[Start of Attachment]

theorem theorem4p3:
  fixes n T :: nat
    and D :: "'inst set"
    and C :: "'inst \<Rightarrow> nat list set"
    and f :: "nat list \<Rightarrow> 'inst \<Rightarrow> real"
    and p :: "'th \<Rightarrow> 'inst \<Rightarrow> nat list \<Rightarrow> real"
    and c :: real
    and thetastar :: "real \<Rightarrow> 'th"
    and P :: 'inst and eps lam :: real
  assumes C_sub: "\<And>Q. Q \<in> D \<Longrightarrow> C Q \<subseteq> routes n T"
    and C_ne: "\<And>Q. Q \<in> D \<Longrightarrow> C Q \<noteq> {}"
    and p_distr: "\<And>th Q. Q \<in> D \<Longrightarrow> is_distr (routes n T) (p th Q)"
    and delta_bound: "\<And>l. l > 0 \<Longrightarrow>
        (INF th. SUP Q\<in>D. KL (routes n T) (p th Q) (gibbs l (\<lambda>x. f x Q) (C Q))) \<le> ereal (c / l)"
    and thetastar_min: "\<And>l. l > 0 \<Longrightarrow>
        (SUP Q\<in>D. KL (routes n T) (p (thetastar l) Q) (gibbs l (\<lambda>x. f x Q) (C Q)))
        = (INF th. SUP Q\<in>D. KL (routes n T) (p th Q) (gibbs l (\<lambda>x. f x Q) (C Q)))"
    and P_in: "P \<in> D"
    and nonopt_ne: "C P - optset (\<lambda>x. f x P) (C P) \<noteq> {}"
    and eps_pos: "eps > 0"
    and lam_pos: "lam > 0"
    and lam_le: "lam \<le> gap (\<lambda>x. f x P) (C P)"
  shows "(\<Sum>x\<in>{x \<in> routes n T. f x P \<ge> fstar (\<lambda>x. f x P) (C P) + eps}. p (thetastar lam) P x)
     \<le> real (card (C P)) * gap (\<lambda>x. f x P) (C P) * exp (- gap (\<lambda>x. f x P) (C P) / lam)
         / (real (card (optset (\<lambda>x. f x P) (C P))) * max eps (gap (\<lambda>x. f x P) (C P)))
       + sqrt (c / (2 * lam))"
proof -
  let ?S = "routes n T" and ?q = "gibbs lam (\<lambda>x. f x P) (C P)"
  let ?A = "{x \<in> ?S. f x P \<ge> fstar (\<lambda>x. f x P) (C P) + eps}"
  have "KL ?S (p (thetastar lam) P) ?q
      \<le> (SUP Q\<in>D. KL ?S (p (thetastar lam) Q) (gibbs lam (\<lambda>x. f x Q) (C Q)))"
    using P_in by (intro SUP_upper)
  also have "\<dots> \<le> ereal (c / lam)" using thetastar_min[OF lam_pos] delta_bound[OF lam_pos] by simp
  finally have KL_le: "KL ?S (p (thetastar lam) P) ?q \<le> ereal (c / lam)" .
  have "sum (p (thetastar lam) P) ?A - sum ?q ?A \<le> sqrt (c / lam / 2)"
    using is_distr_gibbs[OF finite_routes C_sub C_ne] P_in
    by (intro KL_event_pinsker[OF finite_routes p_distr _ _ KL_le]) auto
  moreover have "finite (C P)" using C_sub[OF P_in] finite_routes finite_subset by blast
  note gibbs_upper_tail_le[OF finite_routes[of n T] this nonopt_ne eps_pos lam_pos lam_le]
  ultimately show ?thesis by (simp add: mult.commute)
qed

end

[End of Attachment]

▶ What you have to do
Above are the entries. Output exactly the lines beginning with the line that has "C Q \<noteq>" and ending with the line that has "Q))) \<le> ereal".

▶ Answer to the problem
    and C_ne: "\<And>Q. Q \<in> D \<Longrightarrow> C Q \<noteq> {}"
    and p_distr: "\<And>th Q. Q \<in> D \<Longrightarrow> is_distr (routes n T) (p th Q)"
    and delta_bound: "\<And>l. l > 0 \<Longrightarrow>
        (INF th. SUP Q\<in>D. KL (routes n T) (p th Q) (gibbs l (\<lambda>x. f x Q) (C Q))) \<le> ereal (c / l)"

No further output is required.